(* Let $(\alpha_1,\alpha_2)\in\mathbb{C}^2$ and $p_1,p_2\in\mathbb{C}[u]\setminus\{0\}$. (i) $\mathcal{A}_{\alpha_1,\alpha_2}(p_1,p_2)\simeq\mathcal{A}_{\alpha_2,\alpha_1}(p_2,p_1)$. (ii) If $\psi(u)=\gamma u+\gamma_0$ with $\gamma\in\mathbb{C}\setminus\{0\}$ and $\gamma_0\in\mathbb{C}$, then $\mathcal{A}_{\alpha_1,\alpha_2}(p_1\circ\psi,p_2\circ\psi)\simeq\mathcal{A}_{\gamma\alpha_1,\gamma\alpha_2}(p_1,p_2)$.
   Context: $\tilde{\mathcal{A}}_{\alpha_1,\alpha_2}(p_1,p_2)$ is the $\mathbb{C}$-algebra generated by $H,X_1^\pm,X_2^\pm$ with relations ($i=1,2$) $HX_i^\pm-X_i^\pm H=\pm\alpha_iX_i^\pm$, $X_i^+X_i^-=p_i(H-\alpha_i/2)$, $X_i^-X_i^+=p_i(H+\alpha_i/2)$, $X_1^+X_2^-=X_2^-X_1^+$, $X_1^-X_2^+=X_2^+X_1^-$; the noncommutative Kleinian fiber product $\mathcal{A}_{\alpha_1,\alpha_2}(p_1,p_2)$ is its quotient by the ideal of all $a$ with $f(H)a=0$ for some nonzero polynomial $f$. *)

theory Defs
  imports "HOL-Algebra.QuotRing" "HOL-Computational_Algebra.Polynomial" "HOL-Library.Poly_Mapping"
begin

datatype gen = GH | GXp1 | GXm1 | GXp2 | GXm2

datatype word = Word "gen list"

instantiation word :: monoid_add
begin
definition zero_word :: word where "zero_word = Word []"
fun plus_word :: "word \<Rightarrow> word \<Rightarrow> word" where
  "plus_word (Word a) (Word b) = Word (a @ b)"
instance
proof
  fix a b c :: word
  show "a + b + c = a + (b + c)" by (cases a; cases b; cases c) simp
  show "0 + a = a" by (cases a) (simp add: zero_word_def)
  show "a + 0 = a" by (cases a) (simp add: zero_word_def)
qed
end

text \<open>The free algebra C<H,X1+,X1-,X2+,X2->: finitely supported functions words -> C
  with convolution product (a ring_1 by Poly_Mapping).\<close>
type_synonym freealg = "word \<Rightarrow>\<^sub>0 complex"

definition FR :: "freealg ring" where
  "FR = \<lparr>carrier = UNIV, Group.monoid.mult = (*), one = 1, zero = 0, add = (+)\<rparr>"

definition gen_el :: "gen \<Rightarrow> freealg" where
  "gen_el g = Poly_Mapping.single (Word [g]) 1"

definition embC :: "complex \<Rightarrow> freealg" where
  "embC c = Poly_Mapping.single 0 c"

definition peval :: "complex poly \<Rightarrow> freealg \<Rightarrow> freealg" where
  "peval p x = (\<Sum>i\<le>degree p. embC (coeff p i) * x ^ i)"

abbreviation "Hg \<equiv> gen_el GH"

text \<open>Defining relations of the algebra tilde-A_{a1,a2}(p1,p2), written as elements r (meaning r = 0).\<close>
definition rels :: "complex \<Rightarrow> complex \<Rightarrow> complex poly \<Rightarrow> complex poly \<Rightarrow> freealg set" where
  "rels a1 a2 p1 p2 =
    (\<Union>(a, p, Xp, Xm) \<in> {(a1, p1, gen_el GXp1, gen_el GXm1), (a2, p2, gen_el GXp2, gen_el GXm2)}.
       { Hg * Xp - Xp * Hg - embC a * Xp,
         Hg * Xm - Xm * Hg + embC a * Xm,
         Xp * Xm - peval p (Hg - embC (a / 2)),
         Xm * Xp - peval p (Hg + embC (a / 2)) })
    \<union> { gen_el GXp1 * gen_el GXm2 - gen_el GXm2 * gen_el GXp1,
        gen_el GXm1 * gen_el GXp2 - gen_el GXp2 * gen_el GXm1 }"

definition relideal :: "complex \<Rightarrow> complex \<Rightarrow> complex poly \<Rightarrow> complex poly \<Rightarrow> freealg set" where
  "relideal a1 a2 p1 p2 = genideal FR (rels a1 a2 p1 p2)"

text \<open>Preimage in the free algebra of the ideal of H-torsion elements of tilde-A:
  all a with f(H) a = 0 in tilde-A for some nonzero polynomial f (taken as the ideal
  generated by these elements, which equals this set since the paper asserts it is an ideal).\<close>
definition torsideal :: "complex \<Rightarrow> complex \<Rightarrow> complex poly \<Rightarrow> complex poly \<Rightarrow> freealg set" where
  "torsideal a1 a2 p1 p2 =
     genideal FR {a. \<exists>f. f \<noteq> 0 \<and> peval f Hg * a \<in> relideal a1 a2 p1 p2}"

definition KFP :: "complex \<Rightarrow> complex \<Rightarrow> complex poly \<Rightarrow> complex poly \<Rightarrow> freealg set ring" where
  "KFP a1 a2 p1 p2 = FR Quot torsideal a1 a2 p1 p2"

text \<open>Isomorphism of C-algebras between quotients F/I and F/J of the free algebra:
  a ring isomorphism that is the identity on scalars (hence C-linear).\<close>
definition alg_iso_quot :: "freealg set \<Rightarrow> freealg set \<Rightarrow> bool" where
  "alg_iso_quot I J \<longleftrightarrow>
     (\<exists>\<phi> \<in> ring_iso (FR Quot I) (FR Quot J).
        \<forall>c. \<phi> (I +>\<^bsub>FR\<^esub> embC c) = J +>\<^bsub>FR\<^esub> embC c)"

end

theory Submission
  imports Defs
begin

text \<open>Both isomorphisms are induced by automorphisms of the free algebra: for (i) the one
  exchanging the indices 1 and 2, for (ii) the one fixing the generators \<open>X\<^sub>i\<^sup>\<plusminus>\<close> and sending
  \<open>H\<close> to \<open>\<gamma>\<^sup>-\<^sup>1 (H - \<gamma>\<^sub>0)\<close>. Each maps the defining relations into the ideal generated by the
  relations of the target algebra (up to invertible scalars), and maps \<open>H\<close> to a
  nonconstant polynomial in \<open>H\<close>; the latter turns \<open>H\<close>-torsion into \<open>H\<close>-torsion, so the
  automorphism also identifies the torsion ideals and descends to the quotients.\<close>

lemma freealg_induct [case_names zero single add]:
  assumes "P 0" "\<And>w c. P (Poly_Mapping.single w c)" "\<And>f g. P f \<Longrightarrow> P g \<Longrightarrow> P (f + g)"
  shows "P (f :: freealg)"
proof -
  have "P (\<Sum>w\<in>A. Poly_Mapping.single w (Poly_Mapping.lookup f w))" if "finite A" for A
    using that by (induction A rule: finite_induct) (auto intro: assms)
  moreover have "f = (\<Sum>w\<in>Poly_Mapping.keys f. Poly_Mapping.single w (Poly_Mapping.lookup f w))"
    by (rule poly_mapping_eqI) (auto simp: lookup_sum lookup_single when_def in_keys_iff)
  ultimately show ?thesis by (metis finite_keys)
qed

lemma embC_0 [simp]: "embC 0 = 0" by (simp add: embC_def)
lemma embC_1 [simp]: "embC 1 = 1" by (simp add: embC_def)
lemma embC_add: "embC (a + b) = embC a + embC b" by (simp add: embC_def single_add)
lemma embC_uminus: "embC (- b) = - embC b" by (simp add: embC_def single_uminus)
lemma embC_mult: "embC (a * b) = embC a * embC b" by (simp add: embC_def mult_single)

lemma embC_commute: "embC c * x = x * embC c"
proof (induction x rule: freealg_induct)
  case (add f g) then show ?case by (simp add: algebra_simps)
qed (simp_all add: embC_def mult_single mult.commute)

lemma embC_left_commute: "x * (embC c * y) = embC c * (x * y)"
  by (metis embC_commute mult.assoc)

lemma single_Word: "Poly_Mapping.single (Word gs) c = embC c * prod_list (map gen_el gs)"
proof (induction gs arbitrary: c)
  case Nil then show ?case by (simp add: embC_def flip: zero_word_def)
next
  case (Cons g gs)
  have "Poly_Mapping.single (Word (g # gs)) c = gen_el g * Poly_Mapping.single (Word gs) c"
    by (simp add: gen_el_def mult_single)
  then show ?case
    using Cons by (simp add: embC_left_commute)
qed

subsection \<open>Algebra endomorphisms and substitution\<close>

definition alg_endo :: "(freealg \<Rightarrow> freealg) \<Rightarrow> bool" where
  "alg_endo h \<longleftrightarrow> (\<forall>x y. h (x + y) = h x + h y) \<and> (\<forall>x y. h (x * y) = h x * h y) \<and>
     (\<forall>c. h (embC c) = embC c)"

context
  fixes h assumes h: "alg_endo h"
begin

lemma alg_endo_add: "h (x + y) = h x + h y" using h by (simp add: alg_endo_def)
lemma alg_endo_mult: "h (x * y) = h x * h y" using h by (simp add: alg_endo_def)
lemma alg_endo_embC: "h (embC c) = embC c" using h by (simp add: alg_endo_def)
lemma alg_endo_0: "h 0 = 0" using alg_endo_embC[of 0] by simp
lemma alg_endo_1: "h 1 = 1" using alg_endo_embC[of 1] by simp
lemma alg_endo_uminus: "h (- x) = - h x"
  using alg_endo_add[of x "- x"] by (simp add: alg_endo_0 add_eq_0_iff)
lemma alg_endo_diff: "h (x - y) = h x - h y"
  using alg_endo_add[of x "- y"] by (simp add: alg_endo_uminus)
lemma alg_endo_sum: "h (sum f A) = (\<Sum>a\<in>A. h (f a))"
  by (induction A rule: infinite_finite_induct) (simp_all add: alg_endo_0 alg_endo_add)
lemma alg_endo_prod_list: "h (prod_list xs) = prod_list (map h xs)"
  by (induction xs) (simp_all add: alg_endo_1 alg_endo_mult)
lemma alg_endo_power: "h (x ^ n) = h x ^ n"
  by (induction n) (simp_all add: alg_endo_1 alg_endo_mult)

What is expected: Above is a listing; print exactly its lines from the one with "Hg - embC a" through the one with "f \<noteq> 0", and no other lines.

Your solution:
       { Hg * Xp - Xp * Hg - embC a * Xp,
         Hg * Xm - Xm * Hg + embC a * Xm,
         Xp * Xm - peval p (Hg - embC (a / 2)),
         Xm * Xp - peval p (Hg + embC (a / 2)) })
    \<union> { gen_el GXp1 * gen_el GXm2 - gen_el GXm2 * gen_el GXp1,
        gen_el GXm1 * gen_el GXp2 - gen_el GXp2 * gen_el GXm1 }"

definition relideal :: "complex \<Rightarrow> complex \<Rightarrow> complex poly \<Rightarrow> complex poly \<Rightarrow> freealg set" where
  "relideal a1 a2 p1 p2 = genideal FR (rels a1 a2 p1 p2)"

text \<open>Preimage in the free algebra of the ideal of H-torsion elements of tilde-A:
  all a with f(H) a = 0 in tilde-A for some nonzero polynomial f (taken as the ideal
  generated by these elements, which equals this set since the paper asserts it is an ideal).\<close>
definition torsideal :: "complex \<Rightarrow> complex \<Rightarrow> complex poly \<Rightarrow> complex poly \<Rightarrow> freealg set" where
  "torsideal a1 a2 p1 p2 =
     genideal FR {a. \<exists>f. f \<noteq> 0 \<and> peval f Hg * a \<in> relideal a1 a2 p1 p2}"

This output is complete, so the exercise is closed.